The Fire Marshals Association of North America, the oldest membership section of the NFPA, launched a commemorative Fire Protection Day in October 1911 to educate the public about the importance of fire prevention. U.S. President Calvin Coolidge proclaimed the week-long observation in 1925, noting that 15,000 individuals had lost their lives in a fire the previous year.

Today, more than 1.3 million fires were reported by fire departments across the U.S. in 2016 with an estimated 3,390 civilian fatalities. The NFPA reports that while the total number of fires decreased 0.3 percent from 2015, civilian deaths increased 3.4 percent over 2015 deaths, the highest number since 2007. Click here for the full report.

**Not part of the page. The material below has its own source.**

(* Let $F$ be quadratic and assume (A1), (A2), (A4). Let $\mathbf C=1$ for \texttt{MCM} and $\mathbf C=N$ for \texttt{Rand-MCM} (as in the context), and $\widetilde g_k=\frac1N\sum_{i=1}^N\mathcal{C}_{\mathrm{up}}(g_k^i(\widehat w^i_{k-1}))$. Then for any $k\ge1$, almost surely, $$\mathbb{E}\Big[\Big\|\frac1N\sum_{i=1}^N\big(\mathcal{C}_{\mathrm{up}}(g_k^i(\widehat w^i_{k-1}))-\nabla F(\widehat w^i_{k-1})\big)\Big\|^2\,\Big|\,w_{k-1}\Big]\le\frac{\omega_{\mathrm{up}}}N\|\nabla F(w_{k-1})\|^2+\frac{\sigma^2(1+\omega_{\mathrm{up}})}{Nb}+\frac{\omega_{\mathrm{up}}\omega_{\mathrm{dwn}}L^2}{N}\cdot\frac1N\sum_{i=1}^N\|w_{k-1}-H^i_{k-2}\|^2,$$ $$\mathbb{E}\big[\|\widetilde g_k\|^2\,\big|\,w_{k-1}\big]\le\Big(1+\frac{\omega_{\mathrm{up}}}N\Big)\|\nabla F(w_{k-1})\|^2+\frac{\sigma^2(1+\omega_{\mathrm{up}})}{Nb}+L^2\omega_{\mathrm{dwn}}\Big(\frac1{\mathbf C}+\frac{\omega_{\mathrm{up}}}N\Big)\frac1N\sum_{i=1}^N\|w_{k-1}-H^i_{k-2}\|^2.$$
   Context: $N\ge1$ homogeneous workers, objective $F:\mathbb{R}^d\to\mathbb{R}$, quadratic: $F(w)-F(w_* )=\frac12(w-w_* )^\top A(w-w_* )$ for a symmetric matrix $A$ and a point $w_*$. Worker $i$ at iteration $k$ has an oracle $g_k^i$ (mini-batch $b$) with $\mathbb{E}[g_k^i(w)]=\nabla F(w)$; all compressions and oracle calls use fresh, mutually independent randomness. \texttt{Rand-MCM} with step $\gamma$, rate $\alpha_{\mathrm{dwn}}$: $H^i_{-1}=w_0$, $\widehat w^i_0=w_0$; for $k\ge1$: $w_k=w_{k-1}-\gamma\widetilde g_k$, $\widehat w^i_k=H^i_{k-1}+\mathcal{C}_{\mathrm{dwn},i}(w_k-H^i_{k-1})$, $H^i_k=H^i_{k-1}+\alpha_{\mathrm{dwn}}\mathcal{C}_{\mathrm{dwn},i}(w_k-H^i_{k-1})$ (same realization), $\mathcal{C}_{\mathrm{dwn},i}$ mutually independent. \texttt{MCM}: same with one shared memory $H^i_k=H_k$ and one shared downlink compression, so $\widehat w^i_k=\widehat w_k$. $\mathbb{E}[\cdot\mid w_{k-1}]$: conditional expectation given all randomness up to the computation of $w_{k-1}$. (A1) for some $\omega_{\mathrm{up}},\omega_{\mathrm{dwn}}>0$, all $w$: $\mathbb{E}[\mathcal{C}(w)]=w$ and $\mathbb{E}\|\mathcal{C}(w)-w\|^2\le\omega\|w\|^2$ for uplink/downlink operators with the respective $\omega$. (A2) $F$ $L$-smooth. (A4) $\mathbb{E}\|g_k^i(w)-\nabla F(w)\|^2\le\sigma^2/b$. *)

theory Defs
  imports "HOL-Probability.Probability"
begin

With 80.7 percent of all fire fatalities occurring in the home, defined as one and two-family homes plus apartments, fire safety education remains a key strategy to address civilian fire fatalities.

Experts agree that the widespread use of residential smoke alarms has helped save lives over the past 40 years. A working smoke alarm helps give individuals time to leave their homes in the event of the fire. In fact, according to the NFPA, the risk of dying from a fire is cut in half for homes with working smoke alarms.

Fire Survival Preparation

  1. Have working smoke alarms in bedrooms and near kitchens and living rooms; interconnected is best. Remember, it’s important to check batteries regularly. It is recommended that you change the batteries in your alarms when you change your clocks for daylight saving time.
  2. Smoke alarms have a 10-year life limit. Most smoke alarms have an end of life signaling to show when it’s time to replace a smoke alarm. The performance of smoke alarms older than ten years may not be reliable.
  3. Test the devices monthly. A unit should immediately be replaced if it is not operating properly.
  4. Close doors behind you as you leave – this may slow the spread of smoke, heat, and fire. Additionally, keep bedroom doors closed at night to mitigate the spread of fire.
  5. Draw a map of your home by using NFPA’s grid, available in English (PDF) or Spanish (PDF), with all members of your household, marking two exits from each room and a path to the outside from each exit.
  6. Practice a home fire drill twice a year. Conduct one at night and one during the day with everyone in your home, and practice using different ways out.
  7. Designate a meeting spot and incorporate into your fire safety plan.
  8. Teach children how to escape on their own in case you can’t help them.
  9. Make sure the number of your home is clearly marked and easy for the fire department to find.
  10. Once outside, stay outside. Never go back inside a burning building.

Finally, if moving into a new home, remember to inspect the home’s existing smoke alarms. Remove and replace if in doubt about the alarm’s age. At a minimum, replace each alarm’s batteries with fresh ones.